Prompt →
From the listing below, output only the lines starting at the line that has "by (rule wnorm_one_restr[OF" and ending at the line that has "using nsp unfolding", exactly as they appear, ends included.

Data section →
lemma wBRNSP_wnorm_le_wnorm_one:
  assumes part: "is_block_partition N B blk" and weights: "\<And>b. b < B \<Longrightarrow> 1 \<le> w b"
    and nsp: "wBRNSP m N B blk w A p s \<rho> \<tau>" and p: "1 \<le> p" and s: "0 < s"
  shows "wnorm B blk w p v
    \<le> (1 + \<rho>) / s powr (1 - 1/p) * wnorm B blk w 1 v + \<tau> * eucl_norm m (mat_apply N A v)"
proof -
  define P where "P S = (\<Sum>b\<in>S. w b powr (2-p) * block_norm blk v b powr p)" for S
  have w0: "\<And>b. b < B \<Longrightarrow> 0 \<le> w b" using weights less_le_trans[OF zero_less_one] by fastforce
  obtain S where S: "S \<subseteq> {..<B}" "wsize w S \<le> s"
    and tail: "P ({..<B} - S) powr (1/p) \<le> wnorm B blk w 1 v / s powr (1 - 1/p)"
    using weighted_tail_bound[of "{..<B}" w "block_norm blk v" s p] weights p s
    unfolding P_def wsize_def by (auto simp: block_norm_nonneg wnorm_one[where w = w, OF w0])
  have head: "P S powr (1/p) \<le> \<rho> / s powr (1 - 1/p) * wnorm B blk w 1 v + \<tau> * eucl_norm m (mat_apply N A v)"
  proof -
    have "wnorm B blk w 1 (restr blk ({..<B} - S) v) = (\<Sum>b\<in>{..<B} - S. w b * block_norm blk v b)"
      by (rule wnorm_one_restr[OF part _ w0]) auto
    also have "\<dots> \<le> (\<Sum>b<B. w b * block_norm blk v b)"
      using w0 by (intro sum_mono2) (auto simp: block_norm_nonneg)
    also have "\<dots> = wnorm B blk w 1 v"
      by (rule wnorm_one[symmetric]) (rule w0)
    finally have "\<rho> / s powr (1 - 1/p) * wnorm B blk w 1 (restr blk ({..<B} - S) v)
        \<le> \<rho> / s powr (1 - 1/p) * wnorm B blk w 1 v"
      using nsp unfolding wBRNSP_def by (intro mult_left_mono) auto
    moreover have "wnorm B blk w p (restr blk S v)
        \<le> \<rho> / s powr (1 - 1/p) * wnorm B blk w 1 (restr blk ({..<B} - S) v)
          + \<tau> * eucl_norm m (mat_apply N A v)"
      using nsp S unfolding wBRNSP_def atLeast0LessThan by blast
    ultimately show ?thesis
      unfolding P_def wnorm_restr[OF part S(1)] by linarith
  qed
  have "wnorm B blk w p v = (P S + P ({..<B} - S)) powr (1/p)"
    using S(1) unfolding wnorm_def P_def by (simp add: sum.subset_diff add.commute)
  also have "\<dots> \<le> P S powr (1/p) + P ({..<B} - S) powr (1/p)"
    using p unfolding P_def by (intro powr_add_le_add_powr sum_nonneg) auto
  also have "\<dots> \<le> \<rho> / s powr (1 - 1/p) * wnorm B blk w 1 v + \<tau> * eucl_norm m (mat_apply N A v)
      + wnorm B blk w 1 v / s powr (1 - 1/p)"
    using head tail by linarith
  also have "\<dots> = (1 + \<rho>) / s powr (1 - 1/p) * wnorm B blk w 1 v + \<tau> * eucl_norm m (mat_apply N A v)"
    by (simp add: algebra_simps add_divide_distrib)
  finally show ?thesis .
qed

Response below →
      by (rule wnorm_one_restr[OF part _ w0]) auto
    also have "\<dots> \<le> (\<Sum>b<B. w b * block_norm blk v b)"
      using w0 by (intro sum_mono2) (auto simp: block_norm_nonneg)
    also have "\<dots> = wnorm B blk w 1 v"
      by (rule wnorm_one[symmetric]) (rule w0)
    finally have "\<rho> / s powr (1 - 1/p) * wnorm B blk w 1 (restr blk ({..<B} - S) v)
        \<le> \<rho> / s powr (1 - 1/p) * wnorm B blk w 1 v"
      using nsp unfolding wBRNSP_def by (intro mult_left_mono) auto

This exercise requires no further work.